(* Under the setting below, assume moreover that $f_\Theta^\star$ is strictly decreasing and continuous from $[0,\infty)$ onto $(0,1]$, with inverse $f_\Theta^{\star-1}$. Then each marginal satisfies $\Pr(X_i> x)=f_\Theta^\star(x)$ for $x\ge0$, and the survival copula $C$ of $(X_1,\dots,X_n)$, i.e. the function with $\Pr(X_1> x_1,\dots,X_n> x_n)=C\big(f_\Theta^\star(x_1),\dots,f_\Theta^\star(x_n)\big)$, is given for $u_i\in(0,1]$ by $$C(u_1,\dots,u_n)=\sum_{\ell_1=0}^{m_1}\cdots\sum_{\ell_n=0}^{m_n}\beta_{\ell_1,\dots,\ell_n}\,f_\Theta^\star\Big(\sum_{i=1}^n \ell_i\, f_\Theta^{\star-1}(u_i)\Big),$$ with $$\beta_{\ell_1,\dots,\ell_n}=\sum_{\nu_1=0}^{\ell_1}\cdots\sum_{\nu_n=0}^{\ell_n}(-1)^{\sum_{i=1}^n(\ell_i-\nu_i)}\Big[\prod_{i=1}^n\binom{m_i-\nu_i}{m_i-\ell_i}\Big]\Big[\prod_{i=1}^n\binom{m_i}{\nu_i}\Big]\alpha\Big(\tfrac{\nu_1}{m_1},\dots,\tfrac{\nu_n}{m_n}\Big).$$
   Context: Setting: $n\ge2$, $m_1,\dots,m_n\ge1$ integers; $\alpha$ is a real function on the grid $\prod_i\{0,\tfrac1{m_i},\dots,1\}$ such that $C_B(u_1,\dots,u_n)=\sum_{\nu_1=0}^{m_1}\cdots\sum_{\nu_n=0}^{m_n}\alpha(\tfrac{\nu_1}{m_1},\dots,\tfrac{\nu_n}{m_n})\prod_{i=1}^n\binom{m_i}{\nu_i}u_i^{\nu_i}(1-u_i)^{m_i-\nu_i}$ is a copula on $[0,1]^n$. $(Z_1,\dots,Z_n)$ has standard exponential marginals and joint survival function $\Pr(Z_1>z_1,\dots,Z_n>z_n)=C_B(e^{-z_1},\dots,e^{-z_n})$. $\Theta$ is a positive random variable independent of $(Z_1,\dots,Z_n)$ with density $f_\Theta$ and Laplace transform $f_\Theta^\star(s)=E[e^{-s\Theta}]$, and $X_i=Z_i/\Theta$. *)

theory Defs
  imports "HOL-Probability.Probability"
begin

Aim of the exercise: The data should be transcribed exactly, line for line.

Solved exercise:
(* Under the setting below, assume moreover that $f_\Theta^\star$ is strictly decreasing and continuous from $[0,\infty)$ onto $(0,1]$, with inverse $f_\Theta^{\star-1}$. Then each marginal satisfies $\Pr(X_i> x)=f_\Theta^\star(x)$ for $x\ge0$, and the survival copula $C$ of $(X_1,\dots,X_n)$, i.e. the function with $\Pr(X_1> x_1,\dots,X_n> x_n)=C\big(f_\Theta^\star(x_1),\dots,f_\Theta^\star(x_n)\big)$, is given for $u_i\in(0,1]$ by $$C(u_1,\dots,u_n)=\sum_{\ell_1=0}^{m_1}\cdots\sum_{\ell_n=0}^{m_n}\beta_{\ell_1,\dots,\ell_n}\,f_\Theta^\star\Big(\sum_{i=1}^n \ell_i\, f_\Theta^{\star-1}(u_i)\Big),$$ with $$\beta_{\ell_1,\dots,\ell_n}=\sum_{\nu_1=0}^{\ell_1}\cdots\sum_{\nu_n=0}^{\ell_n}(-1)^{\sum_{i=1}^n(\ell_i-\nu_i)}\Big[\prod_{i=1}^n\binom{m_i-\nu_i}{m_i-\ell_i}\Big]\Big[\prod_{i=1}^n\binom{m_i}{\nu_i}\Big]\alpha\Big(\tfrac{\nu_1}{m_1},\dots,\tfrac{\nu_n}{m_n}\Big).$$
   Context: Setting: $n\ge2$, $m_1,\dots,m_n\ge1$ integers; $\alpha$ is a real function on the grid $\prod_i\{0,\tfrac1{m_i},\dots,1\}$ such that $C_B(u_1,\dots,u_n)=\sum_{\nu_1=0}^{m_1}\cdots\sum_{\nu_n=0}^{m_n}\alpha(\tfrac{\nu_1}{m_1},\dots,\tfrac{\nu_n}{m_n})\prod_{i=1}^n\binom{m_i}{\nu_i}u_i^{\nu_i}(1-u_i)^{m_i-\nu_i}$ is a copula on $[0,1]^n$. $(Z_1,\dots,Z_n)$ has standard exponential marginals and joint survival function $\Pr(Z_1>z_1,\dots,Z_n>z_n)=C_B(e^{-z_1},\dots,e^{-z_n})$. $\Theta$ is a positive random variable independent of $(Z_1,\dots,Z_n)$ with density $f_\Theta$ and Laplace transform $f_\Theta^\star(s)=E[e^{-s\Theta}]$, and $X_i=Z_i/\Theta$. *)

theory Defs
  imports "HOL-Probability.Probability"
begin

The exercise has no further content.